■ **EXTRACTED RECORDS**
+ + + + +

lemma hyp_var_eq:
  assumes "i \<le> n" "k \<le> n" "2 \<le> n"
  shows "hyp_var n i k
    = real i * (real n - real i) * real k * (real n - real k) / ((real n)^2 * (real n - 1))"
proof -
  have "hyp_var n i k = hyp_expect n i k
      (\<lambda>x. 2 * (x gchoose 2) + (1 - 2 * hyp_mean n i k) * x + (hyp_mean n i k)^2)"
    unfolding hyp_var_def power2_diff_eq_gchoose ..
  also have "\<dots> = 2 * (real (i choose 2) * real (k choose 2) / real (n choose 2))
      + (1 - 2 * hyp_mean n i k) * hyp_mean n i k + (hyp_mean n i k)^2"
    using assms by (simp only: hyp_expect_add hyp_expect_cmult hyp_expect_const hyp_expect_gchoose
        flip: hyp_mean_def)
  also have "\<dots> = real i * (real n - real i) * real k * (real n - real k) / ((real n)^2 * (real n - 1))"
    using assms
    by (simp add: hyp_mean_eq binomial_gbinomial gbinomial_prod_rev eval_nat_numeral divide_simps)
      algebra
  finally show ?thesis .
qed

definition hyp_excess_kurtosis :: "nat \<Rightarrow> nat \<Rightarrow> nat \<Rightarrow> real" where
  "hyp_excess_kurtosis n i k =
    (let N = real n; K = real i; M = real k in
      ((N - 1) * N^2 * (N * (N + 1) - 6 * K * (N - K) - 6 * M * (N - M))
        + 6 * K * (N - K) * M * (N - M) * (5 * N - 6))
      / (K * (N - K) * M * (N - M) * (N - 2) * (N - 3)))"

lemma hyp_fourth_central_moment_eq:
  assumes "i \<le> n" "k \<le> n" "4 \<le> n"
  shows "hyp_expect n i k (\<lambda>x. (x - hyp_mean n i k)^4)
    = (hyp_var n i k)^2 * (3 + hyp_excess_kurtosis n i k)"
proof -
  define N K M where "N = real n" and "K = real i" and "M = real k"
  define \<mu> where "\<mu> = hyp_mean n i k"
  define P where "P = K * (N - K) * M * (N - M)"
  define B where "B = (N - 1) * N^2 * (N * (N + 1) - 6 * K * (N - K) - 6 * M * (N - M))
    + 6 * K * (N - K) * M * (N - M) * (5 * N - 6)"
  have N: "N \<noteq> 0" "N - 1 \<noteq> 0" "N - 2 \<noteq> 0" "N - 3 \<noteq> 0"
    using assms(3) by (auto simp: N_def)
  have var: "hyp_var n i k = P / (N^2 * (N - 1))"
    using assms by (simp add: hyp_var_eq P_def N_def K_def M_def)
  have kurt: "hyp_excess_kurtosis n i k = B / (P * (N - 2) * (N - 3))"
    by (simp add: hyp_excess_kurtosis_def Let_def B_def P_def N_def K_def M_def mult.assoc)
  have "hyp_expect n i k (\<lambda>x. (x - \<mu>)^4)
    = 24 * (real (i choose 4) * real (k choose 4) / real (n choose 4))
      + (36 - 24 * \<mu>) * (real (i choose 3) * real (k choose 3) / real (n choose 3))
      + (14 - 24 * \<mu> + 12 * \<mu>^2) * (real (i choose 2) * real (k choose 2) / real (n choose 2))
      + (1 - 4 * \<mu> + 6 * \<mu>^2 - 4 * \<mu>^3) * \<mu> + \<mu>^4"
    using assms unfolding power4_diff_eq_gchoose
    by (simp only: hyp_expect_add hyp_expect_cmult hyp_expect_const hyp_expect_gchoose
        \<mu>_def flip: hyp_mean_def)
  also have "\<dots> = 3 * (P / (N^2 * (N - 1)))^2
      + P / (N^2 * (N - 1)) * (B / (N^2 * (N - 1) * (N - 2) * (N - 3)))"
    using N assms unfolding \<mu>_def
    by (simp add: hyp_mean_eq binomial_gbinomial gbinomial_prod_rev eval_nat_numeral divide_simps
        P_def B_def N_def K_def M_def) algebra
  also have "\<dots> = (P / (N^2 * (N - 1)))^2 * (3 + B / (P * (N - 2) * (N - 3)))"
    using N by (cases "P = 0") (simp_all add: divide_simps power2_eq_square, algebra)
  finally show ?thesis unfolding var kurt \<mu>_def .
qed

+ + + + +

■ **WHAT YOU ARE ASKED TO DO**
Every line from the one holding "(n choose 4))" through the final line of the listing must be echoed exactly; leave out all other lines.

■ **RESULT**
    = 24 * (real (i choose 4) * real (k choose 4) / real (n choose 4))
      + (36 - 24 * \<mu>) * (real (i choose 3) * real (k choose 3) / real (n choose 3))
      + (14 - 24 * \<mu> + 12 * \<mu>^2) * (real (i choose 2) * real (k choose 2) / real (n choose 2))
      + (1 - 4 * \<mu> + 6 * \<mu>^2 - 4 * \<mu>^3) * \<mu> + \<mu>^4"
    using assms unfolding power4_diff_eq_gchoose
    by (simp only: hyp_expect_add hyp_expect_cmult hyp_expect_const hyp_expect_gchoose
        \<mu>_def flip: hyp_mean_def)
  also have "\<dots> = 3 * (P / (N^2 * (N - 1)))^2
      + P / (N^2 * (N - 1)) * (B / (N^2 * (N - 1) * (N - 2) * (N - 3)))"
    using N assms unfolding \<mu>_def
    by (simp add: hyp_mean_eq binomial_gbinomial gbinomial_prod_rev eval_nat_numeral divide_simps
        P_def B_def N_def K_def M_def) algebra
  also have "\<dots> = (P / (N^2 * (N - 1)))^2 * (3 + B / (P * (N - 2) * (N - 3)))"
    using N by (cases "P = 0") (simp_all add: divide_simps power2_eq_square, algebra)
  finally show ?thesis unfolding var kurt \<mu>_def .
qed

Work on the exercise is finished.